Data shown Block Start

(* If $v\in\widehat T_n\setminus\{e\}$, then there exist $w',w''\in E_n$ with $w'\succeq\mathrm{par}(v)$, $w''\succeq v$ and $$c\big[\|\mathrm{conf}(w')\|_{L,r}+\|\mathrm{conf}(w'')\|_{L,r}\big]<\|d(\hat p_n(\cdot|w'),\hat p_n(\cdot|w''))\|_{L,k}.$$
   Context: $A$ is a finite alphabet; strings $w=w_{-j}\cdots w_{-1}$ over $A$; $e$ is the empty string; $w\preceq w'$ ($w'\succeq w$) means $w$ is a suffix of $w'$; $\mathrm{par}(w_{-j}\cdots w_{-1})=w_{-j+1}\cdots w_{-1}$. A tree is a set of strings containing $e$ and closed under $\mathrm{par}$; a leaf is an element that is the parent of no element. Data: for $\ell=1,\dots,L$ a sample $X_1^n(\ell)\in A^n$; $N_{j,\ell}(w)$ is the number of occurrences of $w$ as a block of consecutive symbols in $X_1^j(\ell)$; $\hat p_{n,\ell}(a|w)=N_{n,\ell}(wa)/N_{n-1,\ell}(w)$ when $\min_\ell N_{n-1,\ell}(w)>0$. Metrics $d_\ell$ on distributions over $A$, $d(q,q')=(d_\ell(q_\ell,q'_\ell))_\ell$, $\hat p_n(\cdot|w)=(\hat p_{n,\ell}(\cdot|w))_\ell$; confidence radii $\mathrm{conf}(w)\in[0,1]^L$; $\|v\|_{L,q}=(\frac1L\sum_\ell|v_\ell|^q)^{1/q}$; fixed $k,r\ge1$ and $c>1$. $E_n=\{w:\min_\ell N_{n-1,\ell}(w)>0\}$. For nonempty $w\in E_n$, $\mathsf{CanRmv}(w)=1$ iff for all $w',w''\in E_n$ with $w\preceq w'$ and $\mathrm{par}(w)\preceq w''$: $\|d(\hat p_n(\cdot|w'),\hat p_n(\cdot|w''))\|_{L,k}\le c\|\mathrm{conf}(w')\|_{L,r}+c\|\mathrm{conf}(w'')\|_{L,r}$; otherwise $0$. PruneTree: start with $\widehat T_n=E_n$ and all nodes unexamined; while $\widehat T_n$ has an unexamined leaf $w$ ($w\neq e$), remove $w$ from $\widehat T_n$ if $\mathsf{CanRmv}(w)=1$, and mark $w$ examined; output $\widehat T_n$. *)

theory Defs
  imports Complex_Main "HOL-Library.Sublist"
begin

text \<open>Strings w = w_{-j} ... w_{-1} are lists [w_{-j}, ..., w_{-1}] (oldest symbol first).
  The suffix order w \<preceq> w' is Sublist.suffix w w'; par = tl; the empty string e is [].
  Samples: X l i is the i-th symbol (i = 1..n) of the l-th sample.\<close>

definition par :: "'a list \<Rightarrow> 'a list" where
  "par w = tl w"

definition occ :: "(nat \<Rightarrow> 'a) \<Rightarrow> nat \<Rightarrow> 'a list \<Rightarrow> nat" where
  "occ x j w = card {i. 1 \<le> i \<and> i + length w \<le> j + 1 \<and> (\<forall>t<length w. x (i + t) = w ! t)}"

definition phat :: "(nat \<Rightarrow> nat \<Rightarrow> 'a) \<Rightarrow> nat \<Rightarrow> nat \<Rightarrow> 'a list \<Rightarrow> 'a \<Rightarrow> real" where
  "phat X n l w a = real (occ (X l) n (w @ [a])) / real (occ (X l) (n - 1) w)"

definition En :: "(nat \<Rightarrow> nat \<Rightarrow> 'a) \<Rightarrow> nat \<Rightarrow> nat \<Rightarrow> 'a list set" where
  "En X L n = {w. \<forall>l\<in>{1..L}. 0 < occ (X l) (n - 1) w}"

definition normLq :: "nat \<Rightarrow> real \<Rightarrow> (nat \<Rightarrow> real) \<Rightarrow> real" where
  "normLq L q v = ((1 / real L) * (\<Sum>l = 1..L. \<bar>v l\<bar> powr q)) powr (1 / q)"

definition dvec :: "(nat \<Rightarrow> ('a \<Rightarrow> real) \<Rightarrow> ('a \<Rightarrow> real) \<Rightarrow> real) \<Rightarrow>
    (nat \<Rightarrow> nat \<Rightarrow> 'a) \<Rightarrow> nat \<Rightarrow> 'a list \<Rightarrow> 'a list \<Rightarrow> nat \<Rightarrow> real" where
  "dvec d X n w' w'' = (\<lambda>l. d l (phat X n l w') (phat X n l w''))"

definition prob_dist :: "('a::finite \<Rightarrow> real) \<Rightarrow> bool" where
  "prob_dist q \<longleftrightarrow> (\<forall>a. 0 \<le> q a) \<and> sum q UNIV = 1"

definition is_metric_on :: "'b set \<Rightarrow> ('b \<Rightarrow> 'b \<Rightarrow> real) \<Rightarrow> bool" where
  "is_metric_on S m \<longleftrightarrow>
     (\<forall>p\<in>S. \<forall>q\<in>S. 0 \<le> m p q \<and> (m p q = 0 \<longleftrightarrow> p = q) \<and> m p q = m q p) \<and>
     (\<forall>p\<in>S. \<forall>q\<in>S. \<forall>s\<in>S. m p s \<le> m p q + m q s)"

definition CanRmv :: "(nat \<Rightarrow> nat \<Rightarrow> 'a) \<Rightarrow> nat \<Rightarrow> nat \<Rightarrow>
    (nat \<Rightarrow> ('a \<Rightarrow> real) \<Rightarrow> ('a \<Rightarrow> real) \<Rightarrow> real) \<Rightarrow> ('a list \<Rightarrow> nat \<Rightarrow> real) \<Rightarrow>
    real \<Rightarrow> real \<Rightarrow> real \<Rightarrow> 'a list \<Rightarrow> bool" where
  "CanRmv X L n d conf k r c w \<longleftrightarrow>
     (\<forall>w'\<in>En X L n. \<forall>w''\<in>En X L n. suffix w w' \<longrightarrow> suffix (par w) w'' \<longrightarrow>
        normLq L k (dvec d X n w' w'') \<le> c * normLq L r (conf w') + c * normLq L r (conf w''))"

definition is_leaf :: "'a list set \<Rightarrow> 'a list \<Rightarrow> bool" where
  "is_leaf T w \<longleftrightarrow> w \<in> T \<and> (\<forall>u\<in>T. u \<noteq> [] \<longrightarrow> par u \<noteq> w)"

text \<open>One step of PruneTree on states (current tree, set of examined nodes),
  removal predicate P (= CanRmv).\<close>
inductive prune_step :: "('a list \<Rightarrow> bool) \<Rightarrow> 'a list set \<times> 'a list set \<Rightarrow> 'a list set \<times> 'a list set \<Rightarrow> bool"
  for P where
  "\<lbrakk>is_leaf T w; w \<noteq> []; w \<notin> M\<rbrakk> \<Longrightarrow>
     prune_step P (T, M) (if P w then T - {w} else T, insert w M)"

text \<open>T is a possible output of PruneTree: reachable from (E_n, no node examined) and
  with no unexamined nonempty leaf left (any order of examination).\<close>
definition prune_output :: "(nat \<Rightarrow> nat \<Rightarrow> 'a) \<Rightarrow> nat \<Rightarrow> nat \<Rightarrow>
    (nat \<Rightarrow> ('a \<Rightarrow> real) \<Rightarrow> ('a \<Rightarrow> real) \<Rightarrow> real) \<Rightarrow> ('a list \<Rightarrow> nat \<Rightarrow> real) \<Rightarrow>
    real \<Rightarrow> real \<Rightarrow> real \<Rightarrow> 'a list set \<Rightarrow> bool" where
  "prune_output X L n d conf k r c T \<longleftrightarrow>
     (\<exists>M. (prune_step (CanRmv X L n d conf k r c))\<^sup>*\<^sup>* (En X L n, {}) (T, M) \<and>
          \<not> (\<exists>w. is_leaf T w \<and> w \<noteq> [] \<and> w \<notin> M))"

end

theory Submission
  imports Defs
begin

text \<open>Every node v surviving the pruning has a descendant u (v \<preceq> u) that was examined
  and kept: follow children of v inside the output tree until reaching a leaf, which must
  have been examined; since lengths in E_n are bounded this terminates. Examined nodes
  that are kept are exactly those with CanRmv = 0, so some pair w' \<succeq> u \<succeq> v and
  w'' \<succeq> par u \<succeq> par v violates the CanRmv inequality; swapping the roles of w' and
  w'' uses the symmetry of the metrics d_l on the empirical distributions.\<close>

definition occurrences :: "(nat \<Rightarrow> 'a) \<Rightarrow> nat \<Rightarrow> 'a list \<Rightarrow> nat set" where
  "occurrences x j w = {i. 1 \<le> i \<and> i + length w \<le> j + 1 \<and> (\<forall>t<length w. x (i + t) = w ! t)}"

lemma occ_eq_card_occurrences: "occ x j w = card (occurrences x j w)"
  unfolding occ_def occurrences_def ..

lemma finite_occurrences: "finite (occurrences x j w)"
  by (rule finite_subset[of _ "{..j + 1}"]) (auto simp: occurrences_def)

lemma occ_pos_length_le:
  assumes "0 < occ x j w"
  shows "length w \<le> j"
proof -
  from assms obtain i where "i \<in> occurrences x j w"
    unfolding occ_eq_card_occurrences by (metis card.empty ex_in_conv less_irrefl)
  then show ?thesis by (auto simp: occurrences_def)
qed

lemma occurrences_snoc:
  "occurrences x (Suc j) (w @ [a]) = {i \<in> occurrences x j w. x (i + length w) = a}"
  by (auto simp: occurrences_def nth_append less_Suc_eq)

lemma sum_occ_snoc:
  fixes x :: "nat \<Rightarrow> 'a::finite"
  shows "(\<Sum>a\<in>UNIV. occ x (Suc j) (w @ [a])) = occ x j w"
  using sum_fun_comp[OF finite_occurrences[of x j w] finite_UNIV subset_UNIV,
      where f = "\<lambda>_. 1::nat" and g = "\<lambda>i. x (i + length w)"]
  by (simp add: occ_eq_card_occurrences occurrences_snoc)

lemma prob_dist_phat:
  fixes X :: "nat \<Rightarrow> nat \<Rightarrow> 'a::finite"
  assumes "0 < n" and "0 < occ (X l) (n - 1) w"
  shows "prob_dist (phat X n l w)"
proof -
  have "(\<Sum>a\<in>UNIV. real (occ (X l) n (w @ [a]))) = real (occ (X l) (n - 1) w)"
    using sum_occ_snoc[of "X l" "n - 1" w] assms(1) by (simp flip: of_nat_sum)
  then have "sum (phat X n l w) UNIV = 1"
    using assms(2) by (simp add: phat_def flip: sum_divide_distrib)
  then show ?thesis
    by (simp add: prob_dist_def phat_def)
qed

lemma En_length_le:
  assumes "w \<in> En X L n" and "1 \<le> L"
  shows "length w \<le> n - 1"
  using assms by (auto simp: En_def intro: occ_pos_length_le)

lemma suffix_tl_mono: "suffix v u \<Longrightarrow> suffix (tl v) (tl u)"
  by (metis suffix_def suffix_order.trans suffix_tl append_Nil list.sel(3) tl_append2)

lemma prune_steps_invariant:
  assumes "(prune_step P)\<^sup>*\<^sup>* (E, {}) (T, M)"
  shows "T \<subseteq> E" and "\<And>w. w \<in> M \<Longrightarrow> w \<in> T \<Longrightarrow> \<not> P w"
proof -
  from assms have "T \<subseteq> E \<and> (\<forall>w\<in>M. w \<in> T \<longrightarrow> \<not> P w)"
  proof (induction "(T, M)" arbitrary: T M rule: rtranclp_induct)
    case (step s T M)
    obtain T0 M0 where s: "s = (T0, M0)" by fastforce
    from step.hyps(2)[unfolded s] show ?case
      by cases (use step.hyps(3)[OF s] in auto)
  qed auto
  then show "T \<subseteq> E" and "\<And>w. w \<in> M \<Longrightarrow> w \<in> T \<Longrightarrow> \<not> P w" by auto
qed

lemma exists_examined_extension:
  assumes leaves: "\<And>w. is_leaf T w \<Longrightarrow> w \<noteq> [] \<Longrightarrow> w \<in> M"
    and bounded: "\<And>u. u \<in> T \<Longrightarrow> length u \<le> N"
    and "v \<in> T" and "v \<noteq> []"
  shows "\<exists>u\<in>T. u \<in> M \<and> suffix v u"
  using assms(3,4)
proof (induction "N - length v" arbitrary: v rule: less_induct)
  case less
  show ?case
  proof (cases "is_leaf T v")
    case True
    then show ?thesis using leaves less.prems by blast
  next
    case False
    then obtain u where u: "u \<in> T" "u \<noteq> []" "par u = v"
      using less.prems unfolding is_leaf_def by blast
    then have "u = hd u # v"
      by (metis list.collapse par_def)
    then have "length u = Suc (length v)" and "suffix v u"
      by (metis length_Cons, metis suffix_ConsI suffix_order.refl)
    moreover have "length u \<le> N" using bounded u(1) .
    ultimately show ?thesis
      using less.hyps[of u] u suffix_order.trans by fastforce
  qed
qed

lemma normLq_cong:
  assumes "\<And>l. l \<in> {1..L} \<Longrightarrow> v l = w l"
  shows "normLq L q v = normLq L q w"
proof -
  have "(\<Sum>l = 1..L. \<bar>v l\<bar> powr q) = (\<Sum>l = 1..L. \<bar>w l\<bar> powr q)"
    by (rule sum.cong) (simp_all add: assms)
  then show ?thesis by (simp add: normLq_def)
qed

lemma dvec_commute:
  fixes X :: "nat \<Rightarrow> nat \<Rightarrow> 'a::finite"
  assumes metric: "\<forall>l\<in>{1..L}. is_metric_on {q. prob_dist q} (d l)"
    and "0 < n" and "w' \<in> En X L n" and "w'' \<in> En X L n" and "l \<in> {1..L}"
  shows "dvec d X n w' w'' l = dvec d X n w'' w' l"
proof -
  have "prob_dist (phat X n l w')" and "prob_dist (phat X n l w'')"
    using assms(3-5) by (simp_all add: En_def prob_dist_phat[OF \<open>0 < n\<close>])
  then show ?thesis
    using metric assms(5) by (simp add: dvec_def is_metric_on_def)
qed

theorem propositionA2:
  fixes X :: "nat \<Rightarrow> nat \<Rightarrow> 'a::finite"
    and L n :: nat
    and d :: "nat \<Rightarrow> ('a \<Rightarrow> real) \<Rightarrow> ('a \<Rightarrow> real) \<Rightarrow> real"
    and conf :: "'a list \<Rightarrow> nat \<Rightarrow> real"
    and k r c :: real
    and T :: "'a list set"
    and v :: "'a list"
  assumes "1 \<le> L"
    and "\<forall>l\<in>{1..L}. is_metric_on {q. prob_dist q} (d l)"
    and "\<forall>w. \<forall>l\<in>{1..L}. 0 \<le> conf w l \<and> conf w l \<le> 1"
    and "1 \<le> k" and "1 \<le> r" and "1 < c"
    and "prune_output X L n d conf k r c T"
    and "v \<in> T" and "v \<noteq> []"
  shows "\<exists>w'\<in>En X L n. \<exists>w''\<in>En X L n. suffix (par v) w' \<and> suffix v w'' \<and>
           c * (normLq L r (conf w') + normLq L r (conf w'')) < normLq L k (dvec d X n w' w'')"
proof -
  obtain M where steps: "(prune_step (CanRmv X L n d conf k r c))\<^sup>*\<^sup>* (En X L n, {}) (T, M)"
    and leaves: "\<And>w. is_leaf T w \<Longrightarrow> w \<noteq> [] \<Longrightarrow> w \<in> M"
    using assms(7) unfolding prune_output_def by blast
  note T_sub_En = prune_steps_invariant(1)[OF steps]
  have "length v \<le> n - 1" using En_length_le assms(1,8) T_sub_En by blast
  with assms(9) have "0 < n" by (cases v) auto
  obtain u where "u \<in> T" "u \<in> M" "suffix v u"
    using exists_examined_extension[OF leaves _ assms(8,9)] En_length_le[OF _ assms(1)] T_sub_En
    by blast
  then have "\<not> CanRmv X L n d conf k r c u"
    using prune_steps_invariant(2)[OF steps] by blast
  then obtain w1 w2 where w: "w1 \<in> En X L n" "w2 \<in> En X L n" "suffix u w1" "suffix (par u) w2"
    and violated: "c * normLq L r (conf w1) + c * normLq L r (conf w2) < normLq L k (dvec d X n w1 w2)"
    unfolding CanRmv_def by auto
  have "normLq L k (dvec d X n w1 w2) = normLq L k (dvec d X n w2 w1)"
    using normLq_cong dvec_commute[OF assms(2) \<open>0 < n\<close> w(1,2)] by blast
  with violated have "c * (normLq L r (conf w2) + normLq L r (conf w1)) < normLq L k (dvec d X n w2 w1)"
    by (simp add: distrib_left)
  moreover have "suffix (par v) w2"
    using suffix_tl_mono[OF \<open>suffix v u\<close>] w(4) unfolding par_def by (rule suffix_order.trans)
  moreover have "suffix v w1"
    using \<open>suffix v u\<close> w(3) by (rule suffix_order.trans)
  ultimately show ?thesis
    using w(1,2) by blast
qed

end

Data shown Block End

▶ _Exercise directions_: Scan the lines above for the word "lambda". Return each one that has it.

▶ _Answer to the exercise_:
  "dvec d X n w' w'' = (\<lambda>l. d l (phat X n l w') (phat X n l w''))"
      where f = "\<lambda>_. 1::nat" and g = "\<lambda>i. x (i + length w)"]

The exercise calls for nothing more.